McDugald v. . McFadgin

51 N.C. 89 | N.C. | 1858

For fear of misapprehending the statement of the case sent to this Court, the Reporter deems it proper to copy it literally. It is as follows: "The defendant pleaded the general issue. At the trial, the plaintiff declared specially upon the following written agreement, viz: "State of North Carolina, Moore County. The following trade is this day made between D. McDugald and McFadgin and Tyson. D. McDugald has sold 600 barrels of No. 1 rosin, to be delivered at the still, on the plank-road, at $2,25 per bbl. of 280 lbs. This 2nd day of September, 1854." Signed,

A. McFADGIN, W. D. TYSON, DUGALD McDUGALD.

It was shown that the above contract was entered into at the still of the plaintiff, mentioned in the writing, and that there were then piled up, at that place, a number of barrels of rosin, greater than was required to fill the quantity contracted for; that within a few days afterwards, McFadgin then counted, accepted, and marked with initials of Tyson and himself a large number of barrels. The witness could not say how many were counted, but thought there might have been as many as six hundred. After those taken by McFadgin had been rolled aside and marked, a considerable number were still left in the original pile. And to another witness, this defendant had afterwards expressed satisfaction with the purchase he had made of the plaintiff, and said he would *90 make a large profit by resale. The defense was, that the rosin was not, in quality and quantity, equal to the article stipulated for; that the quality was to be rated by the New York market; that if this were not so in the terms of the original contract, still the contract became such by subsequent understanding between the parties. Parol evidence of admissions by the plaintiff, tending to prove their allegations, was introduced by the defendant; also other evidence, to show that the rosin was not No. 1, in either Fayetteville or New York. For the plaintiff, it was insisted, that if the defendants accepted the rosin at the still, they were precluded from denying, in this action, that it did not fulfil the requisitions of the contract, and so, that evidence for such purpose was incompetent. It was also insisted, that the original contract could not be altered, subsequently, by any agreement made without a consideration.

His Honor admitted the evidence offered by the defendants as above, but charged the jury, that if they should find that the defendants accepted the rosin at the place mentioned in the writing, they would be precluded from afterwards questioning its substantial agreement with article contracted for. He further charged, that after a parol contract had been entered into, as above, it was competent for the parties to alter it, by parol, at their pleasure, and that such alteration would be binding, in the absence of any consideration, for them."

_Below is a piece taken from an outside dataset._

(* Let $u,v,w$ be words of length $N$ with $|u|_0=|v|_0=|w|_0=:N_0$ and $N_1:=N-N_0$. For every perfect matching $M$ of $G^N_o(u,w)$: $o_U(M)+o_D(M)+o_R(M)+o_L(M)=N(N-1)/2+N_1$, $\quad o_L(M)+o_D(M)=\mathrm{d}(w)-\mathrm{d}(u)$, $\quad o_U(M)+o_L(M)=N_0(N_0-1)/2+\mathrm{d}(w)$. For every perfect matching $M$ of $G^N_e(v,w)$: $e_U(M)+e_D(M)+e_R(M)+e_L(M)=N(N-1)/2+N_0$, $\quad e_L(M)+e_U(M)=\mathrm{d}(w)-\mathrm{d}(v)$, $\quad e_D(M)+e_L(M)=N_1(N_1-1)/2+\mathrm{d}(w)$.
   Context: Let $N\ge 1$. $G^N$ is the induced subgraph of the square lattice $\mathbb{Z}^2$ formed by $N$ consecutive, horizontally centred rows having $3,5,\dots,2N+1$ vertices from top to bottom. It is bipartite; vertices of the same colour as the leftmost vertex of each row are called odd, the others even. Let $B_1,\dots,B_N$ be the even vertices of the bottom row, $L_1,\dots,L_N$ the leftmost vertices of the rows, and $R_1,\dots,R_N$ the rightmost vertices of the rows, each family numbered from left to right (so $L_1$ is the leftmost vertex of the bottom row and $R_1$ the rightmost vertex of the top row). Words of length $N$ are $u=u_1\cdots u_N\in\{0,1\}^N$; $|u|_0,|u|_1$ count $0$s and $1$s; $\mathrm{d}(u)$ is the number of pairs $i<j$ with $u_i=1,u_j=0$. $G^N_o(u,w)$ is the induced subgraph of $G^N$ obtained by deleting all $R_i$, all $B_i$ with $w_i=0$, and all $L_i$ with $u_i=0$. $G^N_e(v,w)$ is the induced subgraph obtained by deleting all $L_i$, all $B_i$ with $w_i=1$, and all $R_i$ with $v_i=1$. For a perfect matching $M$ of $G^N_o(u,w)$, orient each edge from its odd endpoint to its even endpoint; $o_U(M),o_D(M),o_L(M),o_R(M)$ denote the numbers of edges pointing up, down, left, right respectively. For a perfect matching $M$ of $G^N_e(v,w)$, orient each edge from its even endpoint to its odd endpoint; $e_U(M),e_D(M),e_L(M),e_R(M)$ denote the numbers of edges pointing up, down, left, right. *)

theory Defs
  imports Main
begin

"Verdict for the plaintiff for $248. Rule by the plaintiff for a new trial. Rule discharged, and appeal to the Supreme Court." The statement of the case is so obscurely made up, and the opinion of his Honor, upon the question, which seems to be presented, is so obviously erroneous, that we have much difficulty in satisfying ourselves that we correctly apprehend the point, which was intended to be raised. The *91 evidence is not set out, but it is stated, "parol evidence of admissions by the plaintiff, tending to prove their allegations, was introduced by the defendants," who alleged that the quality of the rosin was to be rated by the New York market, and if this was not so by the terms of the original contract, still, "the contract became such by a subsequent understanding between the parties;" and his Honor held that such alteration would bebinding in the absence of any consideration.

The point, as we understand it, is this: the plaintiff having sold and delivered to the defendants 600 barrels of No. 1 rosin, at an agreed price, afterwards undertakes, i. e., warrants, without any further consideration, that the quality of the rosin is No. 1, according to the rates in the New York market. Is this subsequent undertaking binding, or is it void as anudum pactum?

It clearly falls under the familiar doctrine of an executed or past consideration: suppose I sell a horse, and the next day, without any consideration, agree to warrant that the horse is sound: is not the warranty nudum pactum?

We see from the verdict, that a less amount is found for the plaintiff, than the stipulated price, and interest. As the case is to be tried again it may be well to put this matter right. If the agreement to warrant the quality of the rosin had been supported by a sufficient consideration, for instance, if the defendants had agreed to give an advance of five cents on the barrel, as a consideration of the warranty, it is clear, that in an action for the price, the damages could not be reduced by proof of the inferior quality of the rosin; Hobbs v. Riddick, 5 Jones' Rep. 80, where the authorities are referred to and the subject fully discussed; and this conclusion announced: "Where an action can be maintained on the specialcontract, the defendant is not at liberty to reduce the damages, by showing that the property was unsound and relying upon a warranty or a deceit, or by showing that the articles were of inferior quality, or that the work done was defective, or that the services contracted for, were only partially rendered. But where the plaintiff is driven to his quantumvalebat or *92 quantum meruit, the damages may be reduced by proof of this sort, the distinction being between a partial and a total failure of consideration. In the former case, such matter must be made the subject of an independent action."

PER CURIAM, Judgment reversed, and a venire de novo.